Child pedestrian casualties and inequality again

10 Dec 2008 by Karl Hallam

'The leading cause of childhood injury and death is road crashes, which kill 260,000 a year globally and injure about 10 million.'

 

'Children from poorer families are far more likely to die or be harmed than their better-off counterparts,' according to the WHO.

 

'The poorer children have not shared equally in the progress of the last 20 years.'

 

This is not news, but is reported as news regularly by newspapers, which sometimes behave in ways that suggest their readers are like goldfish. While papers like the Guardian deserve credit for writing about these issues, it would be better if they referenced their own articles that cover the same subject.

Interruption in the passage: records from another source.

lemma convex_on_mod_smooth:
  assumes "UNIV \<noteq> {0::'a::real_normed_vector}"
  shows "convex_on UNIV (mod_smooth TYPE('a))"
proof (rule convex_onI)
  fix l p q :: real
  assume l: "0 < l" "l < 1"
  define c where "c = (1 - l) * p + l * q"
  have "mod_smooth TYPE('a) c \<le> (1 - l) * mod_smooth TYPE('a) p + l * mod_smooth TYPE('a) q"
  proof (rule mod_smooth_le[OF assms])
    fix x y :: 'a
    assume x: "norm x = 1" and y: "norm y = 1"
    have convex_norm: "norm ((1 - l) *\<^sub>R u + l *\<^sub>R v) \<le> (1 - l) * norm u + l * norm v" for u v :: 'a
      using norm_triangle_ineq[of "(1 - l) *\<^sub>R u" "l *\<^sub>R v"] l by simp
    have "x + c *\<^sub>R y = (1 - l) *\<^sub>R (x + p *\<^sub>R y) + l *\<^sub>R (x + q *\<^sub>R y)"
         "x - c *\<^sub>R y = (1 - l) *\<^sub>R (x - p *\<^sub>R y) + l *\<^sub>R (x - q *\<^sub>R y)"
      by (simp_all add: c_def algebra_simps)
    then have "(norm (x + c *\<^sub>R y) + norm (x - c *\<^sub>R y)) / 2 - 1
        \<le> ((1 - l) * norm (x + p *\<^sub>R y) + l * norm (x + q *\<^sub>R y)
            + (1 - l) * norm (x - p *\<^sub>R y) + l * norm (x - q *\<^sub>R y)) / 2 - 1"
      using convex_norm[of "x + p *\<^sub>R y" "x + q *\<^sub>R y"] convex_norm[of "x - p *\<^sub>R y" "x - q *\<^sub>R y"]
      by simp
    also have "\<dots> = (1 - l) * ((norm (x + p *\<^sub>R y) + norm (x - p *\<^sub>R y)) / 2 - 1)
                    + l * ((norm (x + q *\<^sub>R y) + norm (x - q *\<^sub>R y)) / 2 - 1)"
      by (simp add: field_simps)
    also have "\<dots> \<le> (1 - l) * mod_smooth TYPE('a) p + l * mod_smooth TYPE('a) q"
      using mod_smooth_ge[OF x y] l by (intro add_mono mult_left_mono) auto
    finally show "(norm (x + c *\<^sub>R y) + norm (x - c *\<^sub>R y)) / 2 - 1
        \<le> (1 - l) * mod_smooth TYPE('a) p + l * mod_smooth TYPE('a) q" .
  qed
  then show "mod_smooth TYPE('a) ((1 - l) *\<^sub>R p + l *\<^sub>R q)
        \<le> (1 - l) * mod_smooth TYPE('a) p + l * mod_smooth TYPE('a) q"
    by (simp add: c_def)
qed simp

lemma mod_smooth_le_scaled:
  assumes "UNIV \<noteq> {0::'a::real_normed_vector}" "0 \<le> s" "s \<le> t" "0 < t"
  shows "mod_smooth TYPE('a) s \<le> s / t * mod_smooth TYPE('a) t"
  using convex_onD[OF convex_on_mod_smooth[OF assms(1)], of "s / t" 0 t] assms
  by (simp add: mod_smooth_zero)

lemma mod_smooth_mono:
  assumes "UNIV \<noteq> {0::'a::real_normed_vector}" "0 \<le> s" "s \<le> t"
  shows "mod_smooth TYPE('a) s \<le> mod_smooth TYPE('a) t"
proof (cases "s = t")
  case False
  then have "mod_smooth TYPE('a) s \<le> s / t * mod_smooth TYPE('a) t"
    using assms by (intro mod_smooth_le_scaled) auto
  also have "\<dots> \<le> mod_smooth TYPE('a) t"
  proof -
    have "s / t \<le> 1" using assms by (auto simp: divide_le_eq_1)
    from mult_right_mono[OF this mod_smooth_nonneg[OF assms(1), of t]] assms show ?thesis by simp
  qed
  finally show ?thesis .
qed simp

lemma mod_smooth_less:
  assumes "UNIV \<noteq> {0::'a::real_normed_vector}" "0 \<le> s" "s < t" "0 < mod_smooth TYPE('a) t"
  shows "mod_smooth TYPE('a) s < mod_smooth TYPE('a) t"
proof -
  have "mod_smooth TYPE('a) s \<le> s / t * mod_smooth TYPE('a) t"
    using assms by (intro mod_smooth_le_scaled) auto
  also have "\<dots> < mod_smooth TYPE('a) t"
    using mult_strict_right_mono[of "s / t" 1 "mod_smooth TYPE('a) t"] assms by simp
  finally show ?thesis .
qed

lemma mod_smooth_lipschitz:
  assumes "UNIV \<noteq> {0::'a::real_normed_vector}"
  shows "1-lipschitz_on A (mod_smooth TYPE('a))"
proof -
  have le: "mod_smooth TYPE('a) s \<le> mod_smooth TYPE('a) t + \<bar>s - t\<bar>" for s t
  proof (rule mod_smooth_le[OF assms])
    fix x y :: 'a
    assume x: "norm x = 1" and y: "norm y = 1"
    have "(x + s *\<^sub>R y) - (x + t *\<^sub>R y) = (s - t) *\<^sub>R y"
         "(x - s *\<^sub>R y) - (x - t *\<^sub>R y) = (t - s) *\<^sub>R y"
      by (simp_all add: algebra_simps)
    then have "norm (x + s *\<^sub>R y) - norm (x + t *\<^sub>R y) \<le> \<bar>s - t\<bar>"
              "norm (x - s *\<^sub>R y) - norm (x - t *\<^sub>R y) \<le> \<bar>s - t\<bar>"
      using norm_triangle_ineq2[of "x + s *\<^sub>R y" "x + t *\<^sub>R y"]
            norm_triangle_ineq2[of "x - s *\<^sub>R y" "x - t *\<^sub>R y"]
      by (simp_all only: norm_scaleR y real_norm_def mult_1_right abs_minus_commute)
    then show "(norm (x + s *\<^sub>R y) + norm (x - s *\<^sub>R y)) / 2 - 1 \<le> mod_smooth TYPE('a) t + \<bar>s - t\<bar>"
      using mod_smooth_ge[OF x y, of t] by (simp add: field_simps)
  qed
  show ?thesis
  proof (rule lipschitz_onI)
    fix s t :: real
    show "dist (mod_smooth TYPE('a) s) (mod_smooth TYPE('a) t) \<le> 1 * dist s t"
      using le[of s t] le[of t s] by (simp add: dist_real_def abs_le_iff abs_minus_commute)
  qed simp
qed

lemma mod_smooth_inv:
  assumes "UNIV \<noteq> {0::'a::real_normed_vector}" "0 < v" "v \<le> 1"
  shows "mod_smooth TYPE('a) (mod_smooth_inv TYPE('a) v) = v"
    and "0 < mod_smooth_inv TYPE('a) v"
    and "mod_smooth_inv TYPE('a) v \<le> 2"
proof -
  have "mod_smooth TYPE('a) 0 \<le> v" "v \<le> mod_smooth TYPE('a) 2"
    using assms mod_smooth_zero[OF assms(1)] mod_smooth_ge_max[OF assms(1), of 2] by simp_all
  from IVT'[OF this _ lipschitz_on_continuous_on[OF mod_smooth_lipschitz[OF assms(1)]]]
  obtain t where t: "0 \<le> t" "t \<le> 2" "mod_smooth TYPE('a) t = v"
    by auto
  have uniq: "s = t" if s: "0 \<le> s" "mod_smooth TYPE('a) s = v" for s
  proof (rule ccontr)
    assume "s \<noteq> t"
    then consider "s < t" | "t < s" by linarith
    then show False
    proof cases
      case 1
      from mod_smooth_less[OF assms(1) s(1) this] show False using s t assms(2) by simp
    next
      case 2
      from mod_smooth_less[OF assms(1) t(1) this] show False using s t assms(2) by simp
    qed
  qed
  then have "mod_smooth_inv TYPE('a) v = t"
    unfolding mod_smooth_inv_def using t uniq by (intro the_equality) blast+
  moreover have "t \<noteq> 0" using t(3) assms(2) mod_smooth_zero[OF assms(1)] by force
  ultimately show "mod_smooth TYPE('a) (mod_smooth_inv TYPE('a) v) = v"
    and "0 < mod_smooth_inv TYPE('a) v" and "mod_smooth_inv TYPE('a) v \<le> 2"
    using t by simp_all
qed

In this case, the following three refer to the inequality in child pedestrian casualties in the UK.

 

'Poverty puts children at higher risk of accidents' - 2008

'Pedestrian road deaths linked to deprivation' - 2008

'Road death risk higher for deprived children' - 2002

 

The fact that around 3,000 people die on the roads every year in the UK and 3,000 die every day globally (which we highlighted recently) masks 'a very deep social divide, a strong and persistent social divide' (as Professor of Child Health, Elizabeth Towner, puts it), only goes to emphasise how big an issue this is.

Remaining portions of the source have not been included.